Work instructions — Print nothing except the lines of the listing below from the line with "text \<open>A layer" to the line with "real) \<times> (nat", each exactly as written, both ends included.

Extracted material —

(* Let $M>0$, $L,N\in\mathbb N$, $B\ge1$, $F\ge1$, $S>0$, let $\mathcal G=\mathcal F^{(M)}_{2d+1}(L,N,B,F,S)$ and $\boldsymbol G=\{\Psi_\psi:\psi\in\mathcal G\}$. Then (i) $\Psi(x)=0$ for every $\Psi\in\boldsymbol G$ and every $x\in\mathcal H$ with $\|x\|_\infty>M$; and (ii) $(\boldsymbol G,\|\cdot\|_\infty)$ is compact.
   Context: $D=[0,1]^d$, $\mathcal H=L^2(D)$; $\|x\|_\infty$ is the (essential) sup of $|x|$ on $D$; for $\Psi:\mathcal H\to\mathcal H$, $\|\Psi\|_\infty=\sup_{x}\|\Psi(x)\|_{\mathcal H}$; for a function $f$, $\|f\|_\infty$ is its sup norm. A ReLU network with architecture $(L,\mathbf p)$, $\mathbf p=(p_0,\dots,p_{L+1})$, is $f=A_{L+1}\circ\sigma\circ A_L\circ\cdots\circ\sigma\circ A_1$ with affine maps $A_l(x)=W_lx+b_l$, $A_l:\mathbb R^{p_{l-1}}\to\mathbb R^{p_l}$, and $\sigma(z)=\max\{z,0\}$ applied componentwise; $\theta(f)$ is the vector of all entries of all $W_l,b_l$; depth $L$, width $\max_{1\le l\le L}p_l$. $\mathcal F^{(M)}_{2d+1}(L,N,B,F,S)$ is the set of functions $f\mathbf 1_{D\times D\times[-M,M]}$ with $f:\mathbb R^{2d+1}\to\mathbb R$ a ReLU network of depth $\le L$, width $\le N$, $|\theta(f)|_\infty\le B$, number of nonzero parameters $|\theta(f)|_0\le S$, and $\|f\mathbf 1_{D\times D\times[-M,M]}\|_\infty\le F$. For $\psi:D\times D\times[-M,M]\to\mathbb R$, $\Psi_\psi(x)(u)=\int_D\psi(u,v,x(v))\,dv$ if $\|x\|_\infty\le M$ and $\Psi_\psi(x)=0$ if $\|x\|_\infty>M$. *)

theory Defs
  imports "HOL-Analysis.Analysis" "HOL-Probability.Essential_Supremum"
begin

definition cubeD :: "(real^'d::finite) set" where
  "cubeD = {u. \<forall>i. 0 \<le> u$i \<and> u$i \<le> 1}"

text \<open>Elements of H = L^2(D) are represented by Lebesgue-measurable square-integrable
  functions on D (representatives of the equivalence classes).\<close>
definition Hsp :: "((real^'d::finite) \<Rightarrow> real) set" where
  "Hsp = {x. x \<in> borel_measurable (lebesgue_on cubeD) \<and>
             integrable (lebesgue_on cubeD) (\<lambda>v. (x v)^2)}"

definition Hnorm :: "((real^'d::finite) \<Rightarrow> real) \<Rightarrow> real" where
  "Hnorm y = sqrt (integral\<^sup>L (lebesgue_on cubeD) (\<lambda>v. (y v)^2))"

definition esssup_norm :: "((real^'d::finite) \<Rightarrow> real) \<Rightarrow> ereal" where
  "esssup_norm x = esssup (lebesgue_on cubeD) (\<lambda>v. ereal \<bar>x v\<bar>)"

text \<open>A layer is a pair (W, b); with input dimension m and output dimension n only the
  entries W i j (i<n, j<m) and b i (i<n) are used.\<close>
type_synonym layer = "(nat \<Rightarrow> nat \<Rightarrow> real) \<times> (nat \<Rightarrow> real)"

definition affine :: "nat \<Rightarrow> nat \<Rightarrow> layer \<Rightarrow> (nat \<Rightarrow> real) \<Rightarrow> (nat \<Rightarrow> real)" where
  "affine m n l x = (\<lambda>i. if i < n then (\<Sum>j<m. fst l i j * x j) + snd l i else 0)"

Expected answer —
text \<open>A layer is a pair (W, b); with input dimension m and output dimension n only the
  entries W i j (i<n, j<m) and b i (i<n) are used.\<close>
type_synonym layer = "(nat \<Rightarrow> nat \<Rightarrow> real) \<times> (nat \<Rightarrow> real)"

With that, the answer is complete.